▶ [WORK ITEM] For the entries below, say how many lines hold the word "lemma", with the number as the only reply.

▶ [ENTRIES SHOWN]
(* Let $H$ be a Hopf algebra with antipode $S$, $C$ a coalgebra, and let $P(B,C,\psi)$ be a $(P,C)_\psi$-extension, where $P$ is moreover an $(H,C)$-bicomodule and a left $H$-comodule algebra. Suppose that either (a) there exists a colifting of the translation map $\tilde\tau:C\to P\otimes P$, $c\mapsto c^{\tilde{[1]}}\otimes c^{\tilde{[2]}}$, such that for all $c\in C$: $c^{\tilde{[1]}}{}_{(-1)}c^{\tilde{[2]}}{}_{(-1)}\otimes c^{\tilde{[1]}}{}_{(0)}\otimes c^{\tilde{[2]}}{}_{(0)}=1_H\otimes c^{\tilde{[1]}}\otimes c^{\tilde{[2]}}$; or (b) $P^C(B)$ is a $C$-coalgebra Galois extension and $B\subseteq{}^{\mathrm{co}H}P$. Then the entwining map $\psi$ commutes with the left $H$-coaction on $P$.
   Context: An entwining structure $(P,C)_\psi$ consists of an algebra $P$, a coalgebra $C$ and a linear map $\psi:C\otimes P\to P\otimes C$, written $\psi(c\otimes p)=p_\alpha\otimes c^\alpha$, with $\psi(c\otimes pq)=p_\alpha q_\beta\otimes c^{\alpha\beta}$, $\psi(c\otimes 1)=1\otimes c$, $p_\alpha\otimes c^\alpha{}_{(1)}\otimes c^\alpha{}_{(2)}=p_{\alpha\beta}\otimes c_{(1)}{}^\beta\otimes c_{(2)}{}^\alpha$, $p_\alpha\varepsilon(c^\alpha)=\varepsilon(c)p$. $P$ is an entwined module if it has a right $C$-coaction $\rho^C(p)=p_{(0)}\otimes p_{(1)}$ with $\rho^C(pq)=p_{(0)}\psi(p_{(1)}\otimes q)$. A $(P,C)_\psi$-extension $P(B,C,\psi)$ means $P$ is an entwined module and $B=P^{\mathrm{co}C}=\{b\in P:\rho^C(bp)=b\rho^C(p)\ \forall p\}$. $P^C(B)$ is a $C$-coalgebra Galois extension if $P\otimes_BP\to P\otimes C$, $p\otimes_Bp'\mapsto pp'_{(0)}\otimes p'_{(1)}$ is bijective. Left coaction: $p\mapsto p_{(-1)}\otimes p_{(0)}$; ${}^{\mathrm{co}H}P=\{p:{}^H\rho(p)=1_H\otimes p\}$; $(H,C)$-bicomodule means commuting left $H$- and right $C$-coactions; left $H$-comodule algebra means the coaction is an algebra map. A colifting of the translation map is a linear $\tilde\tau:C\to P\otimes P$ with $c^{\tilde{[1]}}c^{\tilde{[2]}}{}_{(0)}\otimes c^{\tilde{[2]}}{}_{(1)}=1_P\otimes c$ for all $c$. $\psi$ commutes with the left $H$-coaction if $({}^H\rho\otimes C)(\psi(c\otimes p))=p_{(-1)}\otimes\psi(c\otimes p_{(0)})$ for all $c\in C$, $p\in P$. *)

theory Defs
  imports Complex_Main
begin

--

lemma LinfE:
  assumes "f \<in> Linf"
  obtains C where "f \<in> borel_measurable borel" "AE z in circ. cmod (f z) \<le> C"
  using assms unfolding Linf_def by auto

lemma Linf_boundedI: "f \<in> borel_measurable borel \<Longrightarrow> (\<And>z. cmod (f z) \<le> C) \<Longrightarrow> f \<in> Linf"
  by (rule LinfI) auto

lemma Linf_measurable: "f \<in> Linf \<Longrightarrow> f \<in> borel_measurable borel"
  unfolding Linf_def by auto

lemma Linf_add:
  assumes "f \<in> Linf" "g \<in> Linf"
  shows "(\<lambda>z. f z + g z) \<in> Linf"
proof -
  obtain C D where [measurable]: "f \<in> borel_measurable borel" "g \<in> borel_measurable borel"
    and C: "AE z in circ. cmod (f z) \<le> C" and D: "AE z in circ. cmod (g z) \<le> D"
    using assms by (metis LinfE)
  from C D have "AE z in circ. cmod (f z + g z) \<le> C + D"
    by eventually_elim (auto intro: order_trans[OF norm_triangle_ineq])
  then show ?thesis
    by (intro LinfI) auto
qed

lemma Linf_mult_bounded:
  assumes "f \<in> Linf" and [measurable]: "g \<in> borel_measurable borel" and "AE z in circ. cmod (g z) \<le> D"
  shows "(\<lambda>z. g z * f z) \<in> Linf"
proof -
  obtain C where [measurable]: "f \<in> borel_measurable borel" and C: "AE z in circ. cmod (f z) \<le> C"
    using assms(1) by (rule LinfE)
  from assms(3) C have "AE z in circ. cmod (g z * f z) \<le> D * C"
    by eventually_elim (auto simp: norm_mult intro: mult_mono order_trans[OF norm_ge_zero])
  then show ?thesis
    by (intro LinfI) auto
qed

▶ [TASK SOLUTION] 5